## Records for this exercise
=======

(* Let $G$ be a connected graph of order $n\geq 2$ and let $g:V(G_1)\to V(G_2)$ be a constant function. Then $Dist(F_G)=Dist(G)$.
   Context: All graphs are finite, simple and undirected. A labeling $f:V(H)\to\{1,\dots,t\}$ is $t$-distinguishing if the only label-preserving automorphism of $H$ is the identity; $Dist(H)$ is the least such $t$. Functigraph: for disjoint copies $G_1,G_2$ of $G$ and a function $g:V(G_1)\to V(G_2)$, $F_G$ has vertex set $V(G_1)\cup V(G_2)$ and edge set $E(G_1)\cup E(G_2)\cup\{uv: u\in V(G_1),\ g(u)=v\}$. *)

theory Defs
  imports Main
begin

definition simple_graph :: "'a set \<Rightarrow> ('a \<Rightarrow> 'a \<Rightarrow> bool) \<Rightarrow> bool" where
  "simple_graph V E \<longleftrightarrow> finite V \<and> (\<forall>u v. E u v \<longrightarrow> u \<in> V \<and> v \<in> V)
     \<and> (\<forall>u v. E u v \<longrightarrow> E v u) \<and> (\<forall>u. \<not> E u u)"

definition connected_graph :: "'a set \<Rightarrow> ('a \<Rightarrow> 'a \<Rightarrow> bool) \<Rightarrow> bool" where
  "connected_graph V E \<longleftrightarrow> (\<forall>u\<in>V. \<forall>v\<in>V. E\<^sup>*\<^sup>* u v)"

definition automorphism :: "'a set \<Rightarrow> ('a \<Rightarrow> 'a \<Rightarrow> bool) \<Rightarrow> ('a \<Rightarrow> 'a) \<Rightarrow> bool" where
  "automorphism V E \<sigma> \<longleftrightarrow> bij_betw \<sigma> V V \<and> (\<forall>u\<in>V. \<forall>v\<in>V. E (\<sigma> u) (\<sigma> v) \<longleftrightarrow> E u v)"

definition distinguishing :: "'a set \<Rightarrow> ('a \<Rightarrow> 'a \<Rightarrow> bool) \<Rightarrow> nat \<Rightarrow> ('a \<Rightarrow> nat) \<Rightarrow> bool" where
  "distinguishing V E t f \<longleftrightarrow> (\<forall>v\<in>V. f v \<in> {1..t}) \<and>
     (\<forall>\<sigma>. automorphism V E \<sigma> \<and> (\<forall>v\<in>V. f (\<sigma> v) = f v) \<longrightarrow> (\<forall>v\<in>V. \<sigma> v = v))"

definition Dist :: "'a set \<Rightarrow> ('a \<Rightarrow> 'a \<Rightarrow> bool) \<Rightarrow> nat" where
  "Dist V E = (LEAST t. \<exists>f. distinguishing V E t f)"

text \<open>Functigraph: G1 = Inl-copy, G2 = Inr-copy of G, plus edges u -- g(u).\<close>
definition fg_vertices :: "'a set \<Rightarrow> ('a + 'a) set" where
  "fg_vertices V = Inl ` V \<union> Inr ` V"

fun fg_edges :: "('a \<Rightarrow> 'a \<Rightarrow> bool) \<Rightarrow> ('a \<Rightarrow> 'a) \<Rightarrow> 'a + 'a \<Rightarrow> 'a + 'a \<Rightarrow> bool" where
  "fg_edges E g (Inl u) (Inl v) = E u v"
| "fg_edges E g (Inr u) (Inr v) = E u v"
| "fg_edges E g (Inl u) (Inr v) = (g u = v)"
| "fg_edges E g (Inr v) (Inl u) = (g u = v)"

end

theory Submission
  imports Defs
begin

text \<open>The hub \<open>Inr c\<close> (the value of the constant function) is adjacent to all of the
first copy, so its degree exceeds that of every other vertex and every automorphism of the
functigraph fixes it. Removing the hub leaves the first copy (connected, with \<open>n\<close> vertices) and
the rest of the second copy (with \<open>n - 1\<close> vertices) with no edges between them, so an
automorphism maps each copy onto itself and restricts to automorphisms of \<open>G\<close> on both copies.
Hence distinguishing labelings transfer in both directions: copy a labeling of \<open>G\<close> onto both
copies, and restrict a labeling of the functigraph to the first copy, extending automorphisms of
\<open>G\<close> by the identity on the second copy.\<close>

definition degree :: "'a set \<Rightarrow> ('a \<Rightarrow> 'a \<Rightarrow> bool) \<Rightarrow> 'a \<Rightarrow> nat" where
  "degree V E x = card {y \<in> V. E x y}"

definition induced :: "'a set \<Rightarrow> ('a \<Rightarrow> 'a \<Rightarrow> bool) \<Rightarrow> 'a \<Rightarrow> 'a \<Rightarrow> bool" where
  "induced U E x y \<longleftrightarrow> x \<in> U \<and> y \<in> U \<and> E x y"

lemma automorphism_in: "automorphism V E s \<Longrightarrow> x \<in> V \<Longrightarrow> s x \<in> V"
  unfolding automorphism_def bij_betw_def by blast

lemma automorphism_inj_on: "automorphism V E s \<Longrightarrow> inj_on s V"
  unfolding automorphism_def bij_betw_def by blast

lemma automorphism_degree:
  assumes s: "automorphism V E s" and x: "x \<in> V"
  shows "degree V E (s x) = degree V E x"
proof -
  have bij: "bij_betw s V V" and adj: "\<forall>u\<in>V. \<forall>v\<in>V. E (s u) (s v) \<longleftrightarrow> E u v"
    using s unfolding automorphism_def by auto
  have "{y \<in> V. E (s x) y} = s ` {y \<in> V. E x y}"
    using bij adj x by (auto simp: bij_betw_def) (metis (no_types, lifting) image_iff mem_Collect_eq)
  moreover have "inj_on s {y \<in> V. E x y}"
    using bij by (auto simp: bij_betw_def intro: inj_on_subset)
  ultimately show ?thesis
    unfolding degree_def by (simp add: card_image)
qed

lemma automorphism_induced_rtranclp:
  assumes s: "automorphism V E s" and "U \<subseteq> V" "s ` U \<subseteq> U"
    and "(induced U E)\<^sup>*\<^sup>* x y"
  shows "(induced U E)\<^sup>*\<^sup>* (s x) (s y)"
  using assms(4)
proof (induction rule: rtranclp_induct)
  case (step y z)
  then have "induced U E (s y) (s z)"
    using s assms(2,3) by (auto simp: induced_def automorphism_def)
  with step.IH show ?case by simp
qed simp

lemma automorphism_restrict:
  assumes s: "automorphism W R s" and "finite V"
    and \<iota>: "inj_on \<iota> V" "\<iota> ` V \<subseteq> W" "\<And>u v. u \<in> V \<Longrightarrow> v \<in> V \<Longrightarrow> R (\<iota> u) (\<iota> v) \<longleftrightarrow> E u v"
    and t: "\<And>u. u \<in> V \<Longrightarrow> t u \<in> V \<and> s (\<iota> u) = \<iota> (t u)"
  shows "automorphism V E t"
proof -
  have adj: "\<forall>x\<in>W. \<forall>y\<in>W. R (s x) (s y) \<longleftrightarrow> R x y"
    using s unfolding automorphism_def by blast
  have "inj_on t V"
  proof (rule inj_onI)
    fix x y assume "x \<in> V" "y \<in> V" "t x = t y"
    then have "s (\<iota> x) = s (\<iota> y)" using t by simp
    then show "x = y"
      using automorphism_inj_on[OF s] \<iota>(1,2) \<open>x \<in> V\<close> \<open>y \<in> V\<close> by (auto dest: inj_onD)
  qed
  moreover have "t ` V = V"
    using \<open>inj_on t V\<close> \<open>finite V\<close> t by (intro endo_inj_surj) auto
  moreover have "E (t u) (t v) \<longleftrightarrow> E u v" if "u \<in> V" "v \<in> V" for u v
    using adj \<iota> t that by (metis image_subset_iff)
  ultimately show ?thesis
    unfolding automorphism_def bij_betw_def by blast
qed

lemma distinguishing_fixes_embedded_copy:
  assumes f: "distinguishing V E t f" and s: "automorphism W R s" and "finite V"
    and \<iota>: "inj_on \<iota> V" "\<iota> ` V \<subseteq> W" "\<And>u v. u \<in> V \<Longrightarrow> v \<in> V \<Longrightarrow> R (\<iota> u) (\<iota> v) \<longleftrightarrow> E u v"
    and maps: "\<And>u. u \<in> V \<Longrightarrow> s (\<iota> u) \<in> \<iota> ` V"
    and labels: "\<And>u. u \<in> V \<Longrightarrow> h (s (\<iota> u)) = h (\<iota> u)" "\<And>u. u \<in> V \<Longrightarrow> h (\<iota> u) = f u"
    and "u \<in> V"
  shows "s (\<iota> u) = \<iota> u"
proof -
  define \<tau> where "\<tau> v = inv_into V \<iota> (s (\<iota> v))" for v
  have \<tau>: "\<tau> v \<in> V \<and> s (\<iota> v) = \<iota> (\<tau> v)" if "v \<in> V" for v
    using maps[OF that] unfolding \<tau>_def by (simp add: inv_into_into f_inv_into_f)
  have "automorphism V E \<tau>"
    using automorphism_restrict[OF s \<open>finite V\<close> \<iota>] \<tau> by blast
  moreover have "\<forall>v\<in>V. f (\<tau> v) = f v"
    using \<tau> labels by metis
  ultimately have "\<tau> u = u"
    using f \<open>u \<in> V\<close> unfolding distinguishing_def by blast
  then show ?thesis
    using \<tau>[OF \<open>u \<in> V\<close>] by simp
qed

lemma distinguishing_card: "finite V \<Longrightarrow> \<exists>f. distinguishing V E (card V) f"
proof -
  assume "finite V"
  then obtain h where h: "bij_betw h V {0..<card V}"
    using ex_bij_betw_finite_nat by blast
  have "distinguishing V E (card V) (\<lambda>v. Suc (h v))"
    unfolding distinguishing_def
  proof (intro conjI allI impI ballI)
    fix v assume "v \<in> V"
    then show "Suc (h v) \<in> {1..card V}"
      using bij_betwE[OF h] by fastforce
  next
    fix s v assume "automorphism V E s \<and> (\<forall>v\<in>V. Suc (h (s v)) = Suc (h v))" and "v \<in> V"
    then show "s v = v"
      using h automorphism_in[of V E s v] by (auto simp: bij_betw_def inj_on_def)
  qed
  then show ?thesis by blast
qed

lemma Dist_le: "distinguishing V E t f \<Longrightarrow> Dist V E \<le> t"
  unfolding Dist_def by (blast intro: Least_le)

lemma distinguishing_Dist:
  assumes "finite V"
  shows "\<exists>f. distinguishing V E (Dist V E) f"
  unfolding Dist_def
  by (rule LeastI_ex[where P = "\<lambda>t. \<exists>f. distinguishing V E t f"])
    (use distinguishing_card[OF assms] in blast)

lemma fg_vertices_iff [simp]:
  "Inl u \<in> fg_vertices V \<longleftrightarrow> u \<in> V" "Inr u \<in> fg_vertices V \<longleftrightarrow> u \<in> V"
  unfolding fg_vertices_def by auto

lemma fg_verticesE:
  assumes "x \<in> fg_vertices V"
  obtains u where "u \<in> V" "x = Inl u" | u where "u \<in> V" "x = Inr u"
  using assms unfolding fg_vertices_def by auto

lemma image_Inl_subset_fg_vertices: "Inl ` V \<subseteq> fg_vertices V"
  unfolding fg_vertices_def by blast

lemma image_Inr_subset_fg_vertices: "Inr ` V \<subseteq> fg_vertices V"
  unfolding fg_vertices_def by blast

lemma finite_fg_vertices: "finite V \<Longrightarrow> finite (fg_vertices V)"
  unfolding fg_vertices_def by simp

locale constant_functigraph =
  fixes V :: "'a set" and E :: "'a \<Rightarrow> 'a \<Rightarrow> bool" and g :: "'a \<Rightarrow> 'a" and c :: 'a
  assumes simple: "simple_graph V E"
    and connected: "connected_graph V E"
    and two_vertices: "card V \<ge> 2"
    and hub_in: "c \<in> V"
    and g_constant: "\<forall>u\<in>V. g u = c"
begin

abbreviation "W \<equiv> fg_vertices V"
abbreviation "R \<equiv> fg_edges E g"

lemma finite_V: "finite V"
  using simple by (simp add: simple_graph_def)

lemma edge_in: "E u v \<Longrightarrow> u \<in> V \<and> v \<in> V"
  using simple by (simp add: simple_graph_def)

lemma irreflexive: "\<not> E u u"
  using simple by (simp add: simple_graph_def)

lemma automorphism_extend:
  assumes t: "automorphism V E t"
  shows "automorphism W R (map_sum t id)"
proof -
  have tV: "\<And>u. u \<in> V \<Longrightarrow> t u \<in> V" and adj: "\<forall>u\<in>V. \<forall>v\<in>V. E (t u) (t v) \<longleftrightarrow> E u v"
    using t automorphism_in[OF t] unfolding automorphism_def by auto
  have inj: "inj_on (map_sum t id) W"
  proof (rule inj_onI)
    fix x y assume "x \<in> W" "y \<in> W" "map_sum t id x = map_sum t id y"
    then show "x = y"
      using automorphism_inj_on[OF t] by (elim fg_verticesE) (auto dest: inj_onD)
  qed
  moreover have "map_sum t id ` W = W"
    using tV inj finite_fg_vertices[OF finite_V] by (intro endo_inj_surj) (auto simp: fg_vertices_def)
  moreover have "R (map_sum t id x) (map_sum t id y) \<longleftrightarrow> R x y" if "x \<in> W" "y \<in> W" for x y
    using that adj g_constant tV by (auto simp: fg_vertices_def)
  ultimately show ?thesis
    unfolding automorphism_def bij_betw_def by blast
qed

lemma hub_has_neighbour: obtains w where "E c w"
proof -
  obtain v where "v \<in> V" "v \<noteq> c"
    using two_vertices hub_in
    by (metis card_le_Suc0_iff_eq finite_V not_less_eq_eq numeral_2_eq_2)
  moreover have "E\<^sup>*\<^sup>* c v"
    using connected hub_in \<open>v \<in> V\<close> by (simp add: connected_graph_def)
  ultimately show ?thesis
    using that by (metis converse_rtranclpE)
qed

lemma degree_hub: "degree W R (Inr c) \<ge> card V + 1"
proof -
  obtain w where w: "E c w" using hub_has_neighbour .
  have "card V + 1 = card (insert (Inr w) (Inl ` V))"
    using finite_V by (subst card_insert_disjoint) (auto simp: card_image)
  also have "\<dots> \<le> card {y \<in> W. R (Inr c) y}"
    using w edge_in g_constant finite_fg_vertices[OF finite_V] by (intro card_mono) auto
  finally show ?thesis
    unfolding degree_def .
qed

lemma degree_non_hub:
  assumes "x \<in> W" "x \<noteq> Inr c"
  shows "degree W R x \<le> card V"
  using assms(1)
proof (cases rule: fg_verticesE)
  case (1 u)
  have "degree W R x \<le> card (insert (Inr c) (Inl ` (V - {u})))"
    unfolding degree_def using 1 g_constant irreflexive finite_V
    by (intro card_mono) (auto simp: fg_vertices_def)
  also have "\<dots> \<le> card V"
    using finite_V 1(1) two_vertices by (simp add: card_insert_if card_image)
  finally show ?thesis .
next
  case (2 u)
  have "degree W R x \<le> card (Inr ` V :: ('a + 'a) set)"
    unfolding degree_def using 2 assms(2) g_constant finite_V
    by (intro card_mono) (auto simp: fg_vertices_def)
  then show ?thesis
    by (simp add: card_image)
qed

lemma automorphism_fixes_hub:
  assumes s: "automorphism W R s"
  shows "s (Inr c) = Inr c"
proof (rule ccontr)
  assume "s (Inr c) \<noteq> Inr c"
  then have "degree W R (s (Inr c)) \<le> card V"
    using automorphism_in[OF s] hub_in by (intro degree_non_hub) auto
  with degree_hub show False
    using automorphism_degree[OF s] hub_in by simp
qed

abbreviation "W' \<equiv> W - {Inr c}"

text \<open>All edges between the two copies end at the hub, so away from it each copy is closed.\<close>

lemma induced_rtranclp_isl:
  "(induced W' R)\<^sup>*\<^sup>* x y \<Longrightarrow> isl x \<longleftrightarrow> isl y"
proof (induction rule: rtranclp_induct)
  case (step y z)
  then show ?case
    using g_constant by (auto simp: induced_def fg_vertices_def)
qed simp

=======

Of all the entries above, output exactly the lines between the one holding "obtains u where" and the one holding "using t automorphism_in[OF", inclusive.

## Exercise output
  obtains u where "u \<in> V" "x = Inl u" | u where "u \<in> V" "x = Inr u"
  using assms unfolding fg_vertices_def by auto

lemma image_Inl_subset_fg_vertices: "Inl ` V \<subseteq> fg_vertices V"
  unfolding fg_vertices_def by blast

lemma image_Inr_subset_fg_vertices: "Inr ` V \<subseteq> fg_vertices V"
  unfolding fg_vertices_def by blast

lemma finite_fg_vertices: "finite V \<Longrightarrow> finite (fg_vertices V)"
  unfolding fg_vertices_def by simp

locale constant_functigraph =
  fixes V :: "'a set" and E :: "'a \<Rightarrow> 'a \<Rightarrow> bool" and g :: "'a \<Rightarrow> 'a" and c :: 'a
  assumes simple: "simple_graph V E"
    and connected: "connected_graph V E"
    and two_vertices: "card V \<ge> 2"
    and hub_in: "c \<in> V"
    and g_constant: "\<forall>u\<in>V. g u = c"
begin

abbreviation "W \<equiv> fg_vertices V"
abbreviation "R \<equiv> fg_edges E g"

lemma finite_V: "finite V"
  using simple by (simp add: simple_graph_def)

lemma edge_in: "E u v \<Longrightarrow> u \<in> V \<and> v \<in> V"
  using simple by (simp add: simple_graph_def)

lemma irreflexive: "\<not> E u u"
  using simple by (simp add: simple_graph_def)

lemma automorphism_extend:
  assumes t: "automorphism V E t"
  shows "automorphism W R (map_sum t id)"
proof -
  have tV: "\<And>u. u \<in> V \<Longrightarrow> t u \<in> V" and adj: "\<forall>u\<in>V. \<forall>v\<in>V. E (t u) (t v) \<longleftrightarrow> E u v"
    using t automorphism_in[OF t] unfolding automorphism_def by auto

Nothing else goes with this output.